United States District Court, D. South Carolina

June 17, 2016

Joseph M. Brown, Plaintiff,
v.
Carolyn W. Colvin, Acting Commissioner of Social Security Administration, Defendant.

          ORDER

          Shiva V. Hodges United States Magistrate Judge

         This appeal from a denial of social security benefits is before the court for a final order pursuant to 28 U.S.C. § 636(c), Local Civ. Rule 73.01(B) (D.S.C.), and the order of the Honorable R. Bryan Harwell, United States District Judge, dated February 5, 2016, referring this matter for disposition. [ECF No. 8]. The parties consented to the undersigned United States Magistrate Judge’s disposition of this case, with any appeal directly to the Fourth Circuit Court of Appeals. [ECF No. 7].

         Plaintiff files this appeal pursuant to 42 U.S.C. § 405(g) of the Social Security Act (“the Act”) to obtain judicial review of the final decision of the Commissioner of Social Security (“Commissioner”) denying the claim for disability insurance benefits (“DIB”). The two issues before the court are whether the Commissioner’s findings of fact are supported by substantial evidence and whether she applied the proper legal standards. For the reasons that follow, the court reverses and remands the Commissioner’s decision for further proceedings as set forth herein.

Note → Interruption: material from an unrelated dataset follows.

(* Let $\mathcal T$ be a finite set of time steps and $X^{(t')}\in\mathbb{R}_{\ge0}^{m\times n}$ for $t'\in\mathcal T$, and let $\bar X=\sum_{t'\in\mathcal T}X^{(t')}$. For any $t\in\mathcal T$, let $p^{(t)}=X^{(t)}\mathbf 1_n$ and $q^{(t)}=(X^{(t)})^T\mathbf 1_m$. Then IPF (with zero-marginal handling) on $(\bar X,p^{(t)},q^{(t)})$ converges, i.e. the sequence of scaled matrices $\mathrm{diag}(d^0)\bar X\mathrm{diag}(d^1)$ converges to a matrix with row sums $p^{(t)}$ and column sums $q^{(t)}$.
   Context: IPF with zero-marginal handling on $(X,p,q)$, $X\in\mathbb{R}_{\ge0}^{m\times n}$, $p\in\mathbb{R}_{\ge0}^m$, $q\in\mathbb{R}_{\ge0}^n$, $\sum_ip_i=\sum_jq_j$: start with $d^0=\mathbf 1_m$, $d^1=\mathbf 1_n$; alternately update rows (for each $i$: $d^0_i\leftarrow0$ if $p_i=0$, else $d^0_i\leftarrow p_i/\sum_jX_{ij}d^1_j$) and columns (for each $j$: $d^1_j\leftarrow0$ if $q_j=0$, else $d^1_j\leftarrow q_j/\sum_iX_{ij}d^0_i$); after each update the scaled matrix is $\mathrm{diag}(d^0)X\mathrm{diag}(d^1)$. *)

theory Defs
  imports Complex_Main
begin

         I. Relevant Background

         A. Procedural History

         On March 13, 2014, Plaintiff filed an application for DIB in which he alleged his disability began on November 8, 2013. Tr. at 147-48. His application was denied initially and upon reconsideration. Tr. at 84-87 and 89-94. On December 3, 2014, Plaintiff had a hearing before Administrative Law Judge (“ALJ”) Edward T. Morriss. Tr. at 39-55 (Hr’g Tr.). The ALJ issued an unfavorable decision on January 28, 2015, finding that Plaintiff was not disabled within the meaning of the Act. Tr. at 26-38. Subsequently, the Appeals Council denied Plaintiff’s request for review, making the ALJ’s decision the final decision of the Commissioner for purposes of judicial review. Tr. at 1-7. Thereafter, Plaintiff brought this action seeking judicial review of the Commissioner’s decision in a complaint filed on September 16, 2015. [ECF No. 1].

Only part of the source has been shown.